The Tides won last year's ATL's Rock School event, looking fantastically unfussed with the outcome. To watch them, you'd think it had been their natural-born right to swagger and shrug, to carry that shiny blue Rickenbacker and those stoney, Stonesy expressions.
Part of that ease was down to their cool musicianship. They were locked into an understanding that street corner rock and roll was the ultimate. They could play well enough, but nobody was obliged to show off. Instead, they preferred the impeccable boil-down of the first La's and Oasis albums. Nothing wasted, with every little inflection loaded with significance.
Their first offering after Rock School was 'Love Will Set Us Apart'. It was pretty and measured, a near cousin of The Byrds tune, 'Fifth Dimension'. It had some cute tambourine and a top lyric about love being painfully out of synch. Ace.

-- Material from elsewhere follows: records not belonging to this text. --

lemma two_local_sandwich:
  assumes x: "x \<in> Hmat n A" and y: "y \<in> Hmat n A"
  obtains s where "mmul l m n s s = mid n" "D x = sandwich l m n s x" "D y = sandwich l m n s y"
proof -
  obtain s where s: "is_symmetry l m n A s" "D x = Umap l m n s x" "D y = Umap l m n s y"
    using two_local x y unfolding two_local_1_aut_def by blast
  have ss: "mmul l m n s s = mid n"
    using symmetry_square[OF two s(1)] .
  have "D x = sandwich l m n s x" "D y = sandwich l m n s y"
    using s(2,3) Umap_eq_sandwich[OF two ss] Hmat_zero_outside[OF x] Hmat_zero_outside[OF y]
    by simp_all
  with ss show thesis by (rule that)
qed

lemma involutive:
  assumes x: "x \<in> Hmat n A"
  shows "D (D x) = x"
proof -
  obtain s where s: "mmul l m n s s = mid n" "D x = sandwich l m n s x"
      "D (D x) = sandwich l m n s (D x)"
    using two_local_sandwich[OF x maps_Hmat[OF x]] .
  then show ?thesis
    using sandwich_sandwich[OF s(1) Hmat_zero_outside[OF x]] by simp
qed

lemma preserves_trace_form:
  assumes x: "x \<in> Hmat n A" and y: "y \<in> Hmat n A"
  shows "trace_form l m n (D x) (D y) = trace_form l m n x y"
proof -
  obtain s where s: "mmul l m n s s = mid n" "D x = sandwich l m n s x" "D y = sandwich l m n s y"
    using two_local_sandwich[OF x y] .
  then show ?thesis
    using trace_form_sandwich[OF s(1)] by simp
qed

lemma preserves_square:
  assumes x: "x \<in> Hmat n A"
  shows "D (mmul l m n x x) = mmul l m n (D x) (D x)"
proof -
  obtain s where s: "mmul l m n s s = mid n" "D x = sandwich l m n s x"
      "D (mmul l m n x x) = sandwich l m n s (mmul l m n x x)"
    using two_local_sandwich[OF x Hmat_mmul_self[OF star_subalgebra two x]] .
  then show ?thesis
    using sandwich_mmul[OF s(1)] by simp
qed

So off they went to Windmill Lane in Dublin and they exited with an entire album. It was never going to sound sloppy, the only real issue was how individual it would be. We suspected that it would be doused in the spirit of 'Definitely Maybe' and sure enough, it is.
Mostly that's no terrible thing. Craving a better deal in life is a rock and roll rite, and nobody expressed it better than Liam. Often, Paul McMillan catches the ache and the determination rather well. 'Keep It Going' tries to muster a gang of believers together in the face of compromise and too much beer. However, 'How Does It Feel' twists out the vowels of that chorus line in a manner that frankly, isn't worth the aggravayschiooon.
Hey, it's a debut. It's a chance to echo 'Tomorrow Never Knows' on the track 'What Are You Waiting For'. There's possibly a nod to Iggy on 'Happy Homecoming'. And really, if Oasis could currently deliver the likes of 'All Good For Me', there would be a day of national celebration.
They sign off with 'Still Worth Fighting For'. There's merit in the mission, life in those old chord shapes. Apparently, they're gonna make it happen.